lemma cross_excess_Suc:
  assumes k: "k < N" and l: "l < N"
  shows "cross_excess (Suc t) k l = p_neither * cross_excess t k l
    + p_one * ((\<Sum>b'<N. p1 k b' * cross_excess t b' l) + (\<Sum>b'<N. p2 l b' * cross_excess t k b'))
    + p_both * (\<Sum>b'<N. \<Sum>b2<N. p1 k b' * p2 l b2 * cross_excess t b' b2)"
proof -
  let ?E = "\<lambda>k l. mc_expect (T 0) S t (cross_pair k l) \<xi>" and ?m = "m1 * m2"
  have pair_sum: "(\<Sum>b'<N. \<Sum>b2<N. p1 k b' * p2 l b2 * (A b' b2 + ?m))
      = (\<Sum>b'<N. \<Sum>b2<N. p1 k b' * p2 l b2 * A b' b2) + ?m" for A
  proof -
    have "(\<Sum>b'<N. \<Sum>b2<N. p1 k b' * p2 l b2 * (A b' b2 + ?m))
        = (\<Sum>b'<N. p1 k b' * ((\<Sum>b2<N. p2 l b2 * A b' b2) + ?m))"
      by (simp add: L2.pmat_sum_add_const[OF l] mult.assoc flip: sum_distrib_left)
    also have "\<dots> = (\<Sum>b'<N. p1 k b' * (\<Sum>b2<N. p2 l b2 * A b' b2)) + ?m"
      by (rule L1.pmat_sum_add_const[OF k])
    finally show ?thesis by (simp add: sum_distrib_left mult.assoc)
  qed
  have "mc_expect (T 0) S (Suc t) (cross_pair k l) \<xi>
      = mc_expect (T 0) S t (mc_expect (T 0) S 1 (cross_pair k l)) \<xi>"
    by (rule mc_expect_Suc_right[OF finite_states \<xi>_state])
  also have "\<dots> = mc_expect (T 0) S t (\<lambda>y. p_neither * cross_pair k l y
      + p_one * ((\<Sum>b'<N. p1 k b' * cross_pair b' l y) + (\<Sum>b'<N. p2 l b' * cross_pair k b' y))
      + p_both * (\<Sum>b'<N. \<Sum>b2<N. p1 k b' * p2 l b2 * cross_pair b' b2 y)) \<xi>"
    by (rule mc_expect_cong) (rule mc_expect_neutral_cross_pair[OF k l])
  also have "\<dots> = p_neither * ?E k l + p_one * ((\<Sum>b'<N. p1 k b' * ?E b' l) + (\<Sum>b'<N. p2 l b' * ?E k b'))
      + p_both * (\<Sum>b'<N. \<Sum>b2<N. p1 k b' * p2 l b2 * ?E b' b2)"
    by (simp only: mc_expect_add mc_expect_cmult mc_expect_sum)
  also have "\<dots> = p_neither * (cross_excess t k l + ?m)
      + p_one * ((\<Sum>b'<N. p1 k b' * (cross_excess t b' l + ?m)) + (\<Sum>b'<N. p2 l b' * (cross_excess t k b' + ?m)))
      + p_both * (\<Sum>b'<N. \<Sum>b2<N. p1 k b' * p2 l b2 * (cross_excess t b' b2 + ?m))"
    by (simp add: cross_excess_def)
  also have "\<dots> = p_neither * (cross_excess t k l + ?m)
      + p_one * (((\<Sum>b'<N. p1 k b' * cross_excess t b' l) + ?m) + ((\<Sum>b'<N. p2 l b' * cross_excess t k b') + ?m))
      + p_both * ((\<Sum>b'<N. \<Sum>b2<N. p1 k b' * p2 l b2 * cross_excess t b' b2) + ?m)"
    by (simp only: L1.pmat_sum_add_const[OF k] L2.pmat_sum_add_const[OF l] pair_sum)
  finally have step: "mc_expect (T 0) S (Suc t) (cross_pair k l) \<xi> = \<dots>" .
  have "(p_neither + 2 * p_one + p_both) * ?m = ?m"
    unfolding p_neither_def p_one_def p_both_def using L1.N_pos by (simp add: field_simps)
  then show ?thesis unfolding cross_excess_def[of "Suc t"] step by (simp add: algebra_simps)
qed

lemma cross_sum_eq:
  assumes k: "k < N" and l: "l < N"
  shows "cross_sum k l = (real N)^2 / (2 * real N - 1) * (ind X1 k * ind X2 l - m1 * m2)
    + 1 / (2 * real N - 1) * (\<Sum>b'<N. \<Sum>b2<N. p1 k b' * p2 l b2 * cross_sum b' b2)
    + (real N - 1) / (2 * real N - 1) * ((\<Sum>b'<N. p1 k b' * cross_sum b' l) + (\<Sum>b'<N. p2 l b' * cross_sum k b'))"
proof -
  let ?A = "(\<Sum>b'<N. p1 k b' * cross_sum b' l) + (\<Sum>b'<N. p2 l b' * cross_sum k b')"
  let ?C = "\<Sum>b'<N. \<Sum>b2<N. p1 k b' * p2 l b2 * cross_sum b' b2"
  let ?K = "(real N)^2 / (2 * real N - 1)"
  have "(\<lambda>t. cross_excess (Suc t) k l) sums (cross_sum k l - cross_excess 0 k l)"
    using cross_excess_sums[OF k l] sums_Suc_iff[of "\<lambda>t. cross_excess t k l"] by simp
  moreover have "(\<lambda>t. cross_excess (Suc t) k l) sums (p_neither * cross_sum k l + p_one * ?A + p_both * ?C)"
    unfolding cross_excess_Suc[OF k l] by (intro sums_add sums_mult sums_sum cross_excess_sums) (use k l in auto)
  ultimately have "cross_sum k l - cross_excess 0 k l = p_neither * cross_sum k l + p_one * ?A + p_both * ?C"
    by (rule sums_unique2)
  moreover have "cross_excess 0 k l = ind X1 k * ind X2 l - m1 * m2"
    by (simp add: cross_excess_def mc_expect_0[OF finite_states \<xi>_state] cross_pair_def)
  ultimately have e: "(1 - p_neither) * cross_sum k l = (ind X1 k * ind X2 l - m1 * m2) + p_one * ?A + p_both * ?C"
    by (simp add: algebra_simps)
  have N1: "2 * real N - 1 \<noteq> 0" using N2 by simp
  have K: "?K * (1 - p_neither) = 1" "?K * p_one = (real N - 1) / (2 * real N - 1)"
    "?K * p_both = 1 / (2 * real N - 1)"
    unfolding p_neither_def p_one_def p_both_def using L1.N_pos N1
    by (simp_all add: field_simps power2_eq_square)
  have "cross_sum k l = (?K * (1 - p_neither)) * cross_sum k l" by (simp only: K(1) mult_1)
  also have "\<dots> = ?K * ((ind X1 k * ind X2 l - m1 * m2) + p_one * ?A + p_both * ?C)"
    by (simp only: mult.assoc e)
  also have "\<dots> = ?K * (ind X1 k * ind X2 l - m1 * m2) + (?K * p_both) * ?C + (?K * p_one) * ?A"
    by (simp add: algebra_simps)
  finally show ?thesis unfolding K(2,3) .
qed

══════════

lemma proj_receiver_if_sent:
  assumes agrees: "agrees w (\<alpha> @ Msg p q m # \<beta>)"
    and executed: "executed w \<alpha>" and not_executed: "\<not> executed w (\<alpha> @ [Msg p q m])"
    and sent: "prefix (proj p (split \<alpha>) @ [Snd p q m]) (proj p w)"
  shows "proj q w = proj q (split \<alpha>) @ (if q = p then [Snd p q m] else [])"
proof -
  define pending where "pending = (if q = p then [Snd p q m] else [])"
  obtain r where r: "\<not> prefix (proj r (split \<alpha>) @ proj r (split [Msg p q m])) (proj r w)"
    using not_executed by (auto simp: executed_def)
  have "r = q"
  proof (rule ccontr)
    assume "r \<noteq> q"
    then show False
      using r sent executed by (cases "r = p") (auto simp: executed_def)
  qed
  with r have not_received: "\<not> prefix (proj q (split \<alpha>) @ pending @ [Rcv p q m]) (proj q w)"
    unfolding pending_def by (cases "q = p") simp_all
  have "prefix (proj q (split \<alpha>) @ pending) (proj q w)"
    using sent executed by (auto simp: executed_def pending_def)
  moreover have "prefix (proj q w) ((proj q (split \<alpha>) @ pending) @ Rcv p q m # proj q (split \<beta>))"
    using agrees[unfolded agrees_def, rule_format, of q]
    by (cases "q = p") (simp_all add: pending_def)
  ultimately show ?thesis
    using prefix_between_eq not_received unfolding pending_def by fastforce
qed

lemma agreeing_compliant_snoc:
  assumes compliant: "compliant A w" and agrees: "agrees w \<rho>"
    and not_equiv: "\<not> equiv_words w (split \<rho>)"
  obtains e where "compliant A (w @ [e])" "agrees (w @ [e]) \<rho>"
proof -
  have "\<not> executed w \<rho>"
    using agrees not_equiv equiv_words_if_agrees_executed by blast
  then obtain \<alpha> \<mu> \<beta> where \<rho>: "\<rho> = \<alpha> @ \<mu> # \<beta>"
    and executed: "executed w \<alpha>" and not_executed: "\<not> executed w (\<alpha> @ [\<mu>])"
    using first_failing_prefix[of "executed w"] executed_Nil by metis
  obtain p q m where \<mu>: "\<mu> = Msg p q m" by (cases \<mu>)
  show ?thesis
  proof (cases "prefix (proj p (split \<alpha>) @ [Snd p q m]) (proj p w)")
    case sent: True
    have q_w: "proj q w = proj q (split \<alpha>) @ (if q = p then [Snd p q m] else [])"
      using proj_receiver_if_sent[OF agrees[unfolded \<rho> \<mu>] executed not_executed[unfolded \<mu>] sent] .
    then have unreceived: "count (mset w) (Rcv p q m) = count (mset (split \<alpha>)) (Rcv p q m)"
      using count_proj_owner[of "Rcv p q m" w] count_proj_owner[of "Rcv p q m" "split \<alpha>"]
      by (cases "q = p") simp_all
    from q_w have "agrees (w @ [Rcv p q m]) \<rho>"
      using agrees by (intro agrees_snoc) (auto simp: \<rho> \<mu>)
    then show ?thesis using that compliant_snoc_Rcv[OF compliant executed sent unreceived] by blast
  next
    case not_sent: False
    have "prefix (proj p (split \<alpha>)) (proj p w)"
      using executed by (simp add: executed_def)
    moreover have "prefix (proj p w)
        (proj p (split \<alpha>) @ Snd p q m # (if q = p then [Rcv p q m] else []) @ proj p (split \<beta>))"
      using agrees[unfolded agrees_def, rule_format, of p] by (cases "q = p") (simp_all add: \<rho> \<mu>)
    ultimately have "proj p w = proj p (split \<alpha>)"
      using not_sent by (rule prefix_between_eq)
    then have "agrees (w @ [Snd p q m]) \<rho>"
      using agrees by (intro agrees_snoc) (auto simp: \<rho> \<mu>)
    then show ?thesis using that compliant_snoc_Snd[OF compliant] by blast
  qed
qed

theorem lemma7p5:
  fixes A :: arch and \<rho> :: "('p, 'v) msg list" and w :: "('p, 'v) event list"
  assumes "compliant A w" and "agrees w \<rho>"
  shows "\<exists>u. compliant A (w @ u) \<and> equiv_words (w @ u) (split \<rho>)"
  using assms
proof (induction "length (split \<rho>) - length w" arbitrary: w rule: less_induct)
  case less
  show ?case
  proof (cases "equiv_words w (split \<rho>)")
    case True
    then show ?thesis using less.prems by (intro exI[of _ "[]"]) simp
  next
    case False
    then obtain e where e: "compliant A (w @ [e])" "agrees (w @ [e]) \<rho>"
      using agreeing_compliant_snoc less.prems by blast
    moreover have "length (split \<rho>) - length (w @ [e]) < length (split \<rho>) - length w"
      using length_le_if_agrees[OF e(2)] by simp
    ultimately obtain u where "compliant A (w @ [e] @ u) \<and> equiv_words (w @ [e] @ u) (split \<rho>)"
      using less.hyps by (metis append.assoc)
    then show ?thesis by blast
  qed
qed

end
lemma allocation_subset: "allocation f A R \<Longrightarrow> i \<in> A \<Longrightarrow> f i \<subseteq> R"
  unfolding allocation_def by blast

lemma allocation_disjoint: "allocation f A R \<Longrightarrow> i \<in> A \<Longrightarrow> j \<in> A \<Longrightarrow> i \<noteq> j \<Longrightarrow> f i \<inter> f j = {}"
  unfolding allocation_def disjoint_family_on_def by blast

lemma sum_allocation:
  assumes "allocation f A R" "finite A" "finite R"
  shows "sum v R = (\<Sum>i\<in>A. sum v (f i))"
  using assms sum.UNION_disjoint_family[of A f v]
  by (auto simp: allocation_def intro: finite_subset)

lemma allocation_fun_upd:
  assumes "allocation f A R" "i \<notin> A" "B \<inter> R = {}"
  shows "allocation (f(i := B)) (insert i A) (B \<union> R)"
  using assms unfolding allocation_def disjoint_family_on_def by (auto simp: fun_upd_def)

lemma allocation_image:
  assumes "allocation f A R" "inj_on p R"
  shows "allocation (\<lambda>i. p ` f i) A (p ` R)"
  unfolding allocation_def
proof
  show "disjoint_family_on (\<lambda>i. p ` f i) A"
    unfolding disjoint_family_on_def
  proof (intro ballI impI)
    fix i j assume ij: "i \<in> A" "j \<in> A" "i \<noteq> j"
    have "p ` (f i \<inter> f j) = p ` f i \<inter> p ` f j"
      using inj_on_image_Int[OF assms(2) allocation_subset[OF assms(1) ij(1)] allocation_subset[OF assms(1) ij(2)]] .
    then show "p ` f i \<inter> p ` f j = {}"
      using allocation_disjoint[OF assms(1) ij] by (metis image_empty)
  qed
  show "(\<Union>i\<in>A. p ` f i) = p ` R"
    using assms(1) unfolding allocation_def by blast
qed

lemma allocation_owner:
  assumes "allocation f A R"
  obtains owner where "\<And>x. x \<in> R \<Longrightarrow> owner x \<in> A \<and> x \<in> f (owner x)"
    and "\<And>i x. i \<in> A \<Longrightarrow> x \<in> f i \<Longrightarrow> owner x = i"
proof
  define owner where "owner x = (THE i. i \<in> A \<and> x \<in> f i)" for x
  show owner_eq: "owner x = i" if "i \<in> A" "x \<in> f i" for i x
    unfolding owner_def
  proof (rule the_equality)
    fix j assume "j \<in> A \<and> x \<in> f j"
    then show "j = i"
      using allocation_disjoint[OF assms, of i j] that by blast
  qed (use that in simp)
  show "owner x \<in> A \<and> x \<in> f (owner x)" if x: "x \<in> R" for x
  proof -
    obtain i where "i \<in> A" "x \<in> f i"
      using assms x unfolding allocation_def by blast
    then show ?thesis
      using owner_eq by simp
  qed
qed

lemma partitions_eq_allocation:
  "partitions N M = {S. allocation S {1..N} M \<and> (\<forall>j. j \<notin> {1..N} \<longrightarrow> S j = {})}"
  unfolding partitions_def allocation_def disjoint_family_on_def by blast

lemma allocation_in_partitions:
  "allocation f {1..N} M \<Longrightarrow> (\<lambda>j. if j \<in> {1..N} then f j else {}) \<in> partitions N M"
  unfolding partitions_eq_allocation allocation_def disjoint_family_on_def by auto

══════════

Of the lines above, copy each that contains "inter".

• [YOUR SOLUTION]
lemma allocation_disjoint: "allocation f A R \<Longrightarrow> i \<in> A \<Longrightarrow> j \<in> A \<Longrightarrow> i \<noteq> j \<Longrightarrow> f i \<inter> f j = {}"
  assumes "allocation f A R" "i \<notin> A" "B \<inter> R = {}"
    have "p ` (f i \<inter> f j) = p ` f i \<inter> p ` f j"
    then show "p ` f i \<inter> p ` f j = {}"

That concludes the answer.